Scientific classification
- Kingdom: Animalia
- Phylum: Arthropoda
- Clade: Pancrustacea
- Class: Insecta
- Order: Hemiptera
- Suborder: Auchenorrhyncha
- Family: Cicadidae
- Genus: Yoyetta
- Species: Y. abdominalis
- Binomial name: Yoyetta abdominalis (Distant, 1892)
- Synonyms: Melampsalta abdominalis (Distant, 1892); Cicadetta abdominalis (Distant, 1892);

= Yoyetta abdominalis =

- Authority: (Distant, 1892)
- Synonyms: Melampsalta abdominalis , Cicadetta abdominalis

Species of cicada

Yoyetta abdominalis, also known as the golden-haired firetail, is a species of cicada, in the true cicada family, Cicadettinae. It is endemic to Australia.
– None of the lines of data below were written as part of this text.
(* Consider contextual bilateral trade: the seller has an unknown vector $\theta^s\in\mathbb B_d$, the buyer an unknown vector $\theta^b\in\mathbb B_d$, and in round $t$ a context $x_t\in\mathbb B_d$ (chosen adversarially, revealed before pricing) determines cost $c_t=\langle\theta^s,x_t\rangle$ and value $v_t=\langle\theta^b,x_t\rangle$. Run the following algorithm (Multi-Scale Steiner GFT Maximization). Let $\Phi_1=\mathbb B_d$ and $\delta_\ell=2^{-\ell}/(8d)$. In round $t$, let $\ell_t$ be the largest integer with $w_{\Phi_t}(x_t)\le 2^{-\ell_t}$ (if the width is $0$, post an arbitrary price), and post the single price $y_t$ defined by $\mathrm{vol}(\{\theta\in\Phi_t+\delta_{\ell_t}\mathbb B_d:\langle\theta,x_t\rangle\ge y_t\})=\frac12\mathrm{vol}(\Phi_t+\delta_{\ell_t}\mathbb B_d)$. If the seller accepts and the buyer rejects, set $\Phi_{t+1}=\{\theta\in\Phi_t:\langle\theta,x_t\rangle\le y_t\}$; if the seller rejects and the buyer accepts, set $\Phi_{t+1}=\{\theta\in\Phi_t:\langle\theta,x_t\rangle\ge y_t\}$; otherwise $\Phi_{t+1}=\Phi_t$. Then the cumulative gains-from-trade regret is $O(d\log d)$, independent of $T$ and of the context sequence.
   Context: $\mathbb B_d$ is the closed unit Euclidean ball in $\mathbb R^d$; $A+rB_d$ denotes Minkowski sum; $\mathrm{vol}$ is $d$-dimensional volume. The width of a convex set $K$ in direction $x$ is $w_K(x)=\max_{\theta_1,\theta_2\in K}\langle\theta_1-\theta_2,x\rangle$. The seller accepts price $y$ iff $y\ge c_t$, the buyer iff $y\le v_t$; a trade in round $t$ yields GFT $v_t-c_t$, else $0$. Round-$t$ regret is $\max\{v_t-c_t,0\}$ minus the realized GFT; cumulative regret is the sum over rounds. *)

theory Defs
  imports "HOL-Analysis.Analysis" "HOL-Probability.Probability"
begin

text \<open>Vectors of R^d are represented as functions nat => real vanishing outside {..<d},
  so that the dimension d is an ordinary natural number (needed because the regret
  bound O(d log d) has a constant uniform in d).\<close>

definition rvec :: "nat \<Rightarrow> (nat \<Rightarrow> real) set" where
  "rvec d = {\<theta>. \<forall>i\<ge>d. \<theta> i = 0}"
It was first described in 1892 by English entomologist William Lucas Distant.

==Description==
The length of the forewing is 22–29 mm.

==Distribution and habitat==
The species occurs from the Brindabella Range in the Australian Capital Territory southwards and westwards through much of Victoria to south-eastern South Australia, with an isolated population near Orange in central New South Wales. It also occurs in eastern Tasmania. Associated habitats include cool temperate eucalypt forest and subalpine woodland.

==Behaviour==
Adult males may be heard from November to January, clinging to the upper branches of trees, emitting brief calls terminating in a sharp “tick”.